Saved data entries:

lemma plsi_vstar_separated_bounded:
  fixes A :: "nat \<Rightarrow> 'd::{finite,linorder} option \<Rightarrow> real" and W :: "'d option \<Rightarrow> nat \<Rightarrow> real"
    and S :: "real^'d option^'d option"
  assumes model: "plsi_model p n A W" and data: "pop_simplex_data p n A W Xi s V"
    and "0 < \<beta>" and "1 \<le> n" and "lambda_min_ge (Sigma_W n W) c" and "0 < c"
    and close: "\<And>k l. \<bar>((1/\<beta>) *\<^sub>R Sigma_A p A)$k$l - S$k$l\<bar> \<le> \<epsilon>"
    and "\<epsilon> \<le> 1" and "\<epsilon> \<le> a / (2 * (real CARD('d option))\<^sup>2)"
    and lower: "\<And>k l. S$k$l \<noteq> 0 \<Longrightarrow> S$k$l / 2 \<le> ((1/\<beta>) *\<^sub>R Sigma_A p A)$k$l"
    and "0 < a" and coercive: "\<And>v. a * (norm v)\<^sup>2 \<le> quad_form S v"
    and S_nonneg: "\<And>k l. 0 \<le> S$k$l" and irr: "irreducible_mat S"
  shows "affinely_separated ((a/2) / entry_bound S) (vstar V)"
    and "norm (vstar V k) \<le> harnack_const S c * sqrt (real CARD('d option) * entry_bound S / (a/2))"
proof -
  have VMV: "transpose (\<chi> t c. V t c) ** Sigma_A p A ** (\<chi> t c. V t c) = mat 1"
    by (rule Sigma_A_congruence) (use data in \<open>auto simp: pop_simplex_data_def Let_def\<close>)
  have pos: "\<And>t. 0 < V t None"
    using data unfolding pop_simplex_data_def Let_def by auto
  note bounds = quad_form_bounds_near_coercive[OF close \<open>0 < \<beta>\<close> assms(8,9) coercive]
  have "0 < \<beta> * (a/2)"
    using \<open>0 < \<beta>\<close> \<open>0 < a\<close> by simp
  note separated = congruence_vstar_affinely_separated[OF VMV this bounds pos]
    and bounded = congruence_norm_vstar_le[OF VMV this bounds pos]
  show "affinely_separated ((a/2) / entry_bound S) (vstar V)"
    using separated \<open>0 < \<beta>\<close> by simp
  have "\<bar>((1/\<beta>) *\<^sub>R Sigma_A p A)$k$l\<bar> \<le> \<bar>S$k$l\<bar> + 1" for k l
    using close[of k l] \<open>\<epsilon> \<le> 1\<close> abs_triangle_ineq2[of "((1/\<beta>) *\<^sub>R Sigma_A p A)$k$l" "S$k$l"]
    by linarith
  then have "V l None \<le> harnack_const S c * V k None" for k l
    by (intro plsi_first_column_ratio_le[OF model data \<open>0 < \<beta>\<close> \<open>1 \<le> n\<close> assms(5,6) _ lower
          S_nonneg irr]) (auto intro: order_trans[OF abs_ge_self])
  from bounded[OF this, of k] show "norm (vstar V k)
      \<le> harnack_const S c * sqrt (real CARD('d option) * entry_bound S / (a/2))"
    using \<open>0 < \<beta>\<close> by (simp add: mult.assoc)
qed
---
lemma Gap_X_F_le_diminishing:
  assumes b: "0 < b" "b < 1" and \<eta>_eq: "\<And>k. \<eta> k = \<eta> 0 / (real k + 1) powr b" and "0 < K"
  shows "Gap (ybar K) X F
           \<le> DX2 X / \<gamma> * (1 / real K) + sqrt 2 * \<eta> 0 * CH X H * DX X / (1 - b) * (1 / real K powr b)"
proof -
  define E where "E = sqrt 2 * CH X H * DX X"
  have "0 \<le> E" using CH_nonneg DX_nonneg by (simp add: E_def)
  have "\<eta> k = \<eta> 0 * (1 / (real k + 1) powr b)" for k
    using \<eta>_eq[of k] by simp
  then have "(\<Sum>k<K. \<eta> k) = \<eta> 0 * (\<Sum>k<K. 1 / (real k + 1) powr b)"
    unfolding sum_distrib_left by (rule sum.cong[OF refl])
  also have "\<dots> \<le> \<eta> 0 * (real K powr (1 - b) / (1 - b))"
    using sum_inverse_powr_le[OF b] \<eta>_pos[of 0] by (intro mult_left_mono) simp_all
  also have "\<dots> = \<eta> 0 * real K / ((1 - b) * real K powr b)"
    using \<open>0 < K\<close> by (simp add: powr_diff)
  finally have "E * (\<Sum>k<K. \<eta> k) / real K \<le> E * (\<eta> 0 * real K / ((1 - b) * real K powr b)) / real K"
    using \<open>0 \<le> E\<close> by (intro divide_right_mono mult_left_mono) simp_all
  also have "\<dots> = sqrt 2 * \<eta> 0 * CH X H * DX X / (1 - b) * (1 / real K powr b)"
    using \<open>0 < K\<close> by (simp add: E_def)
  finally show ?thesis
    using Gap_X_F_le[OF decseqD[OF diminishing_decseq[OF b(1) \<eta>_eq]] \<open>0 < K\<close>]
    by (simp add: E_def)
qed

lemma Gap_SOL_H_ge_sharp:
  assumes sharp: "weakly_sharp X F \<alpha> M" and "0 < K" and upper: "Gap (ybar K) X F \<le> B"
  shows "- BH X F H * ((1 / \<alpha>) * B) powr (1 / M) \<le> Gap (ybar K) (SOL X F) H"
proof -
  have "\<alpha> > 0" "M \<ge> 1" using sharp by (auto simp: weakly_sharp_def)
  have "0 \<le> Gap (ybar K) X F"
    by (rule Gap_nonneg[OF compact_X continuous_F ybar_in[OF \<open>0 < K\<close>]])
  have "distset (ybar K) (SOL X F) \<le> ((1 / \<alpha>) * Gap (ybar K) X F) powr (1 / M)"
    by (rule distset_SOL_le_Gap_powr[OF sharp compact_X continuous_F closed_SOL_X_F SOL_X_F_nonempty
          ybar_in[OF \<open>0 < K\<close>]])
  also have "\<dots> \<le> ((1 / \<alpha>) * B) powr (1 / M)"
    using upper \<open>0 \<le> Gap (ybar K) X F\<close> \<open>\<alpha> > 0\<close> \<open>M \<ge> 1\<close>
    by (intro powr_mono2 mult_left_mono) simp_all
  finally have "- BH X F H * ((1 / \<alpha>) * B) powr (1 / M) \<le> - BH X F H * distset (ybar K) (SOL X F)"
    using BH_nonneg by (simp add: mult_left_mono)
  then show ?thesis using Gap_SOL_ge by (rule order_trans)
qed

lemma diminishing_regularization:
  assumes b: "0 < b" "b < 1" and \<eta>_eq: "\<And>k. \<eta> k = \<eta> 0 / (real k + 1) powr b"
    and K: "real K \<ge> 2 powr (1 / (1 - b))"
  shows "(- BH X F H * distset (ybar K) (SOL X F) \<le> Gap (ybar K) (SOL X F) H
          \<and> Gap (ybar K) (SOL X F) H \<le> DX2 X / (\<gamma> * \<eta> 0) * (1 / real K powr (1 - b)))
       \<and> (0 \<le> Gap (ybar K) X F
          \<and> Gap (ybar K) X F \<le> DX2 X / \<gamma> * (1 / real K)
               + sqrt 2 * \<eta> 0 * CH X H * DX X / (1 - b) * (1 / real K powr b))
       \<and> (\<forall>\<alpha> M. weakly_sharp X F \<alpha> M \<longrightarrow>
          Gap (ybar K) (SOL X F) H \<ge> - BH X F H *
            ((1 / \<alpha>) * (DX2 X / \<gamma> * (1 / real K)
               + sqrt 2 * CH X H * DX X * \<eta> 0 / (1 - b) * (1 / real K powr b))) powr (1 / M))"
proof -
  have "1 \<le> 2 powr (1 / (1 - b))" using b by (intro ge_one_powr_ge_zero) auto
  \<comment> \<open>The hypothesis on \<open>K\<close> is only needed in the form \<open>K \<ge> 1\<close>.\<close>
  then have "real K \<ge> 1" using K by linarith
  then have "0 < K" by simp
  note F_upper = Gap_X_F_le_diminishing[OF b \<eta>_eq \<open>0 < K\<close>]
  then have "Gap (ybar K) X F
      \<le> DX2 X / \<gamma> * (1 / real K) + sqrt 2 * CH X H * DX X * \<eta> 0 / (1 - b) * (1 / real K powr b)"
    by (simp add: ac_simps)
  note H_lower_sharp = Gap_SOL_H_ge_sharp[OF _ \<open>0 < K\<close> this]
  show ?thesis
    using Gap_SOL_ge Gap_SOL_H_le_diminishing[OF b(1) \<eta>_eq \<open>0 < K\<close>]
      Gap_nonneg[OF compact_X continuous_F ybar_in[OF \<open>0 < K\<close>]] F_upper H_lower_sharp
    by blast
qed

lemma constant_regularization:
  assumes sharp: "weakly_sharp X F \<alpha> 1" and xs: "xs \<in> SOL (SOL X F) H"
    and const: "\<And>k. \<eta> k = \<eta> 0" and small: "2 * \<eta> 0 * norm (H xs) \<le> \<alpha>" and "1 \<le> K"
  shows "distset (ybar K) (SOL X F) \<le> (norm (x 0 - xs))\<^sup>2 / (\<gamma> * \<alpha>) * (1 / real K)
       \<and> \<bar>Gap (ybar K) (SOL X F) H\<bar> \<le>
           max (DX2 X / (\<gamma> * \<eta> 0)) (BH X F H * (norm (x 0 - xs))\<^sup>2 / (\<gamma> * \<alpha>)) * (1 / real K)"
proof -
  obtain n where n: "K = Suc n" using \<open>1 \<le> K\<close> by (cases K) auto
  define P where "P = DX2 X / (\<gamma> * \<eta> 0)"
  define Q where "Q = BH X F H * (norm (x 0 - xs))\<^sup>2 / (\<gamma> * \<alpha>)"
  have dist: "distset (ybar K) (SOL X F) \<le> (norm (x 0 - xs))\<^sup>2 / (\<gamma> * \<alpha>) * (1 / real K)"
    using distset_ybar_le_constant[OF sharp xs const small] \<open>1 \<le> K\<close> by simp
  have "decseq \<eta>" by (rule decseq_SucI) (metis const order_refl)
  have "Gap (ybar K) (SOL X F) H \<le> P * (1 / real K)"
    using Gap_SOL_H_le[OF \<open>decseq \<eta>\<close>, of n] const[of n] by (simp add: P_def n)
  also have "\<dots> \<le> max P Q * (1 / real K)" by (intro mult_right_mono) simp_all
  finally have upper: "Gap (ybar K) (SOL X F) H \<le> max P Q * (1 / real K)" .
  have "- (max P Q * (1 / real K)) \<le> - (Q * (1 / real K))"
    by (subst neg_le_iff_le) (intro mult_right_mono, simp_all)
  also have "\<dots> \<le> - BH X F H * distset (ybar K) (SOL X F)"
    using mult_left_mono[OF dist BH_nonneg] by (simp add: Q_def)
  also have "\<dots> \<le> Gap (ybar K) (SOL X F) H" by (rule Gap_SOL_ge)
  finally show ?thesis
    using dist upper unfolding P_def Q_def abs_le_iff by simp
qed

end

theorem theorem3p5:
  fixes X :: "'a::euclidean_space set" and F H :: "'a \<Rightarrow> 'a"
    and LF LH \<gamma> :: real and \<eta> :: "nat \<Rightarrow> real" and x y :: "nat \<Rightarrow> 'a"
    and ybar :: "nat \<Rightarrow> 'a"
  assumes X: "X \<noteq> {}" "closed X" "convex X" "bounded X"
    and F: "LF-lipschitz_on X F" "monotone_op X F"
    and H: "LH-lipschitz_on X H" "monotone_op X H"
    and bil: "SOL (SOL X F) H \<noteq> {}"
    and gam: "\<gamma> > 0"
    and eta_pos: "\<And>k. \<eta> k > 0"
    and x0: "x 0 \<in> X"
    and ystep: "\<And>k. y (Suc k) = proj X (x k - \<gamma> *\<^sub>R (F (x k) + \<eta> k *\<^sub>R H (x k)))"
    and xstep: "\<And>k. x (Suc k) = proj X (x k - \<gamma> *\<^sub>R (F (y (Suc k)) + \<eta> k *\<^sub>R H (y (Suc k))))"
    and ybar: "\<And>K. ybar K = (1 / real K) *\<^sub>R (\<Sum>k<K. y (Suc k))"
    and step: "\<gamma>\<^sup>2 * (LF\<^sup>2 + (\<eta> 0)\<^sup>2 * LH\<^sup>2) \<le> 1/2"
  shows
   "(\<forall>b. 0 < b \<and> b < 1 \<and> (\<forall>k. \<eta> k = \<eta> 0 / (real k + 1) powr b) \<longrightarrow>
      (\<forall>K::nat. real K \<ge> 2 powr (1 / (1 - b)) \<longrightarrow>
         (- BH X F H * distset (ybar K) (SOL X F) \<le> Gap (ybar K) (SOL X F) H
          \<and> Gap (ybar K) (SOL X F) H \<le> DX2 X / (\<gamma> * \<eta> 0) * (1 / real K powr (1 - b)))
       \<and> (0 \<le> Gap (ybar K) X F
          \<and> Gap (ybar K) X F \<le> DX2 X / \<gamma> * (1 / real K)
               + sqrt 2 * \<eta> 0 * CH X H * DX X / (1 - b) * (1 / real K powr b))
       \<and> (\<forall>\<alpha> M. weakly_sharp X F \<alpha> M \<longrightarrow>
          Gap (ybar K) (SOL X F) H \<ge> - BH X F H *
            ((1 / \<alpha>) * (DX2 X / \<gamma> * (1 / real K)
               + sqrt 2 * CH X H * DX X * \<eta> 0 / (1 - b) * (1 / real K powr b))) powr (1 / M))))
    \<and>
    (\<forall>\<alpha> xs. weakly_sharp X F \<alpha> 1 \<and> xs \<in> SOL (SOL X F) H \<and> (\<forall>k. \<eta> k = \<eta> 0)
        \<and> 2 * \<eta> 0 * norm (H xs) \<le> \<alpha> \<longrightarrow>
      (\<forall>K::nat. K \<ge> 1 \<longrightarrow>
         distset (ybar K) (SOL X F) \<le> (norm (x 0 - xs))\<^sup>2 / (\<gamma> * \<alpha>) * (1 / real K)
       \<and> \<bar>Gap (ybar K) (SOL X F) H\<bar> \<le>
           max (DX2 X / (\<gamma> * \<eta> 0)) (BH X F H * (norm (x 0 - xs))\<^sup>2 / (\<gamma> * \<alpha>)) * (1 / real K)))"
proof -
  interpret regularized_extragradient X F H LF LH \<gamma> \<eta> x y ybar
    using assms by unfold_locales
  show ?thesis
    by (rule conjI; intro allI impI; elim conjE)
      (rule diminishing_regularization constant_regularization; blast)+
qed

#### [Your task]
From the records above, return each line that has the string "unfolding".

#### [Exercise answer]
    using data unfolding pop_simplex_data_def Let_def by auto
    unfolding sum_distrib_left by (rule sum.cong[OF refl])
    using dist upper unfolding P_def Q_def abs_le_iff by simp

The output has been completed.